Go through the listing below from its first line and repeat each line exactly, ending at the line containing "by (simp add: pochhammer_fact" and including it.

*** Opening of SUPPLIED INFORMATION ***

lemma gbinomial_minus_odd:
  fixes a :: "'a::field_char_0"
  shows "(- a) gchoose (Suc (2 * n))
           = - a * pochhammer ((a + 1) / 2) n * pochhammer ((a + 2) / 2) n / (pochhammer (3 / 2) n * fact n)"
proof -
  have "fact (Suc (2 * n)) = (pochhammer 2 (2 * n) :: 'a)"
    by (simp add: pochhammer_fact pochhammer_rec)
  also have "\<dots> = 4 ^ n * (pochhammer (3 / 2) n * fact n)"
    by (simp add: pochhammer_double_half pochhammer_fact)
  finally have fact: "fact (Suc (2 * n)) = (4 ^ n * (pochhammer (3 / 2) n * fact n) :: 'a)" .
  have poch: "pochhammer a (Suc (2 * n)) = 4 ^ n * (a * pochhammer ((a + 1) / 2) n * pochhammer ((a + 2) / 2) n)"
    by (simp add: pochhammer_rec pochhammer_double_half add_ac)
  have "(- a) gchoose (Suc (2 * n))
      = 4 ^ n * (- a * pochhammer ((a + 1) / 2) n * pochhammer ((a + 2) / 2) n)
        / (4 ^ n * (pochhammer (3 / 2) n * fact n))"
    unfolding gbinomial_pochhammer minus_minus power_minus1_odd fact poch by simp
  then show ?thesis
    by simp
qed

lemma Beta_ratio_even:
  assumes "\<alpha> > 0" "\<beta> > 0" "k > - \<alpha>"
  shows "Beta (\<alpha> + k + real (2 * n) / 2) \<beta> / Beta \<alpha> \<beta>
           = poch_r \<alpha> k / poch_r (\<alpha> + \<beta>) k * pochhammer (\<alpha> + k) n / pochhammer (\<alpha> + \<beta> + k) n"
proof -
  have "Beta (\<alpha> + k + real (2 * n) / 2) \<beta> / Beta \<alpha> \<beta>
      = Beta (\<alpha> + k) \<beta> / Beta \<alpha> \<beta> * pochhammer (\<alpha> + k) n / pochhammer (\<alpha> + \<beta> + k) n"
    using Beta_add_nat[of "\<alpha> + k" \<beta> n] assms by (simp add: add_ac)
  also have "Beta (\<alpha> + k) \<beta> / Beta \<alpha> \<beta> = poch_r \<alpha> k / poch_r (\<alpha> + \<beta>) k"
    using Beta_ratio_eq_poch_r[of \<alpha> \<beta> k] assms by simp
  finally show ?thesis .
qed

lemma Beta_ratio_odd:
  assumes "\<alpha> > 0" "\<beta> > 0" "k > - \<alpha>"
  shows "Beta (\<alpha> + k + real (Suc (2 * n)) / 2) \<beta> / Beta \<alpha> \<beta>
           = poch_r \<alpha> k / poch_r (\<alpha> + \<beta>) k * (poch_r (\<alpha> + k) (1 / 2) / poch_r (\<alpha> + \<beta> + k) (1 / 2))
             * pochhammer (\<alpha> + k + 1 / 2) n / pochhammer (\<alpha> + \<beta> + k + 1 / 2) n"
proof -
  have "Beta (\<alpha> + k + real (Suc (2 * n)) / 2) \<beta> / Beta \<alpha> \<beta>
      = Beta (\<alpha> + (k + 1 / 2)) \<beta> / Beta \<alpha> \<beta>
        * pochhammer (\<alpha> + k + 1 / 2) n / pochhammer (\<alpha> + \<beta> + k + 1 / 2) n"
    using Beta_add_nat[of "\<alpha> + k + 1 / 2" \<beta> n] assms by (simp add: add_ac add_divide_distrib)
  also have "Beta (\<alpha> + (k + 1 / 2)) \<beta> / Beta \<alpha> \<beta>
      = poch_r \<alpha> k / poch_r (\<alpha> + \<beta>) k * (poch_r (\<alpha> + k) (1 / 2) / poch_r (\<alpha> + \<beta> + k) (1 / 2))"
    using Beta_ratio_eq_poch_r[of \<alpha> \<beta> "k + 1 / 2"] poch_r_add[of \<alpha> k "1 / 2"]
      poch_r_add[of "\<alpha> + \<beta>" k "1 / 2"] assms
    by (simp add: add_ac)
  finally show ?thesis .
qed

lemma pochhammer_complex_neq_0: "Re c > 0 \<Longrightarrow> pochhammer (c :: complex) n \<noteq> 0"
  by (auto simp: pochhammer_eq_0_iff)

lemma suminf_split_even_odd:
  fixes t :: "nat \<Rightarrow> 'a::banach"
  assumes "summable (\<lambda>m. norm (t m))"
  shows "summable (\<lambda>n. t (2 * n))" and "summable (\<lambda>n. t (Suc (2 * n)))"
    and "suminf t = (\<Sum>n. t (2 * n)) + (\<Sum>n. t (Suc (2 * n)))"
proof -
  have "(\<lambda>n. norm (t (2 * n)) + norm (t (Suc (2 * n)))) sums (\<Sum>m. norm (t m))"
    using sums_group[OF summable_sums[OF assms], of 2] by (simp add: mult.commute numeral_2_eq_2)
  then have pairs: "summable (\<lambda>n. norm (t (2 * n)) + norm (t (Suc (2 * n))))"
    by (rule sums_summable)
  show even: "summable (\<lambda>n. t (2 * n))" and odd: "summable (\<lambda>n. t (Suc (2 * n)))"
    by (rule summable_comparison_test'[OF pairs], simp)+
  have "(\<lambda>n. t (2 * n) + t (Suc (2 * n))) sums suminf t"
    using sums_group[OF summable_sums[OF summable_norm_cancel[OF assms]], of 2]
    by (simp add: mult.commute numeral_2_eq_2)
  then show "suminf t = (\<Sum>n. t (2 * n)) + (\<Sum>n. t (Suc (2 * n)))"
    using suminf_add[OF even odd] sums_unique by metis
qed

lemma beta_root_moment_eq_hyp3F2:
  fixes a z :: complex
  assumes "\<alpha> > 0" "\<beta> > 0" "k > - \<alpha>" and z: "norm z < 1"
  shows "beta_root_moment \<alpha> \<beta> k a z =
          complex_of_real (poch_r \<alpha> k / poch_r (\<alpha> + \<beta>) k) *
          (hyp3F2 (a / 2) ((a + 1) / 2) (of_real (\<alpha> + k)) (1 / 2) (of_real (\<alpha> + \<beta> + k)) (z ^ 2)
           - z * a * complex_of_real (poch_r (\<alpha> + k) (1 / 2) / poch_r (\<alpha> + \<beta> + k) (1 / 2))
             * hyp3F2 ((a + 1) / 2) ((a + 2) / 2) (of_real (\<alpha> + k + 1 / 2)) (3 / 2)
                      (of_real (\<alpha> + \<beta> + k + 1 / 2)) (z ^ 2))"
proof -
  define P where "P = poch_r \<alpha> k / poch_r (\<alpha> + \<beta>) k"
  define Q where "Q = poch_r (\<alpha> + k) (1 / 2) / poch_r (\<alpha> + \<beta> + k) (1 / 2)"
  define t where "t m = ((- a) gchoose m) * z ^ m * of_real (Beta (\<alpha> + k + real m / 2) \<beta> / Beta \<alpha> \<beta>)" for m
  define ev where "ev n = pochhammer (a / 2) n * pochhammer ((a + 1) / 2) n * pochhammer (complex_of_real (\<alpha> + k)) n
      / (pochhammer (1 / 2) n * pochhammer (complex_of_real (\<alpha> + \<beta> + k)) n) * (z ^ 2) ^ n / fact n" for n
  define od where "od n = pochhammer ((a + 1) / 2) n * pochhammer ((a + 2) / 2) n * pochhammer (complex_of_real (\<alpha> + k + 1 / 2)) n
      / (pochhammer (3 / 2) n * pochhammer (complex_of_real (\<alpha> + \<beta> + k + 1 / 2)) n) * (z ^ 2) ^ n / fact n" for n
  define K where "K = - (of_real P * z * a * of_real Q)"
  have nonzero: "pochhammer (1 / 2 :: complex) n \<noteq> 0" "pochhammer (3 / 2 :: complex) n \<noteq> 0"
      "pochhammer (\<alpha> + \<beta> + k) n \<noteq> 0" "pochhammer (\<alpha> + \<beta> + k + 1 / 2) n \<noteq> 0" for n
    using assms by (auto intro!: pochhammer_complex_neq_0 pochhammer_pos[THEN less_imp_neq, THEN not_sym])
  have even: "t (2 * n) = of_real P * ev n" for n
  proof -
    have "t (2 * n) = pochhammer (a / 2) n * pochhammer ((a + 1) / 2) n / (pochhammer (1 / 2) n * fact n)
        * (z ^ 2) ^ n * (of_real P * of_real (pochhammer (\<alpha> + k) n) / of_real (pochhammer (\<alpha> + \<beta> + k) n))"
      by (simp only: t_def gbinomial_minus_even Beta_ratio_even[OF assms(1-3), folded P_def] power_mult of_real_mult of_real_divide)
    then show ?thesis
      unfolding ev_def pochhammer_of_real using nonzero[of n] by (simp add: field_simps)
  qed
  have odd: "t (Suc (2 * n)) = K * od n" for n
  proof -
    have "t (Suc (2 * n)) = - a * pochhammer ((a + 1) / 2) n * pochhammer ((a + 2) / 2) n / (pochhammer (3 / 2) n * fact n)
        * (z * (z ^ 2) ^ n) * (of_real P * of_real Q * of_real (pochhammer (\<alpha> + k + 1 / 2) n)
          / of_real (pochhammer (\<alpha> + \<beta> + k + 1 / 2) n))"
      by (simp only: t_def gbinomial_minus_odd Beta_ratio_odd[OF assms(1-3), folded P_def Q_def]
          power_mult power_Suc of_real_mult of_real_divide)
    then show ?thesis
      unfolding od_def K_def pochhammer_of_real using nonzero[of n] by (simp add: field_simps)
  qed
  have "summable (\<lambda>m. norm (t m))" and t: "t sums beta_root_moment \<alpha> \<beta> k a z"
    using beta_root_moment_sums[OF assms, of a] by (simp_all add: t_def[abs_def])
  note split = suminf_split_even_odd[OF this(1)]
  have "beta_root_moment \<alpha> \<beta> k a z = of_real P * suminf ev + K * suminf od"
    using split(1,2) sums_unique[OF t] split(3)
    by (simp add: even odd suminf_mult_of_summable)
  moreover have "suminf ev = hyp3F2 (a / 2) ((a + 1) / 2) (of_real (\<alpha> + k)) (1 / 2) (of_real (\<alpha> + \<beta> + k)) (z ^ 2)"
    by (simp only: hyp3F2_def ev_def[abs_def])
  moreover have "suminf od = hyp3F2 ((a + 1) / 2) ((a + 2) / 2) (of_real (\<alpha> + k + 1 / 2)) (3 / 2)
      (of_real (\<alpha> + \<beta> + k + 1 / 2)) (z ^ 2)"
    by (simp only: hyp3F2_def od_def[abs_def])
  ultimately show ?thesis
    by (simp add: P_def Q_def K_def algebra_simps)
qed

lemma hyp3F2_cancel_left:
  "(\<And>n. pochhammer c n \<noteq> 0) \<Longrightarrow> hyp3F2 c a b c d t = hyp2F1 a b d t"
  unfolding hyp3F2_def hyp2F1_def by (simp add: field_simps)

lemma hyp3F2_cancel_middle:
  "(\<And>n. pochhammer c n \<noteq> 0) \<Longrightarrow> hyp3F2 a c b c d t = hyp2F1 a b d t"
  unfolding hyp3F2_def hyp2F1_def by (simp add: field_simps)

lemma poch_r_0:
  assumes "x > 0"
  shows "poch_r x 0 = 1"
  using Gamma_real_pos[OF assms] by (simp add: poch_r_def)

*** Close of SUPPLIED INFORMATION ***

### ANSWER TO THIS EXERCISE
lemma gbinomial_minus_odd:
  fixes a :: "'a::field_char_0"
  shows "(- a) gchoose (Suc (2 * n))
           = - a * pochhammer ((a + 1) / 2) n * pochhammer ((a + 2) / 2) n / (pochhammer (3 / 2) n * fact n)"
proof -
  have "fact (Suc (2 * n)) = (pochhammer 2 (2 * n) :: 'a)"
    by (simp add: pochhammer_fact pochhammer_rec)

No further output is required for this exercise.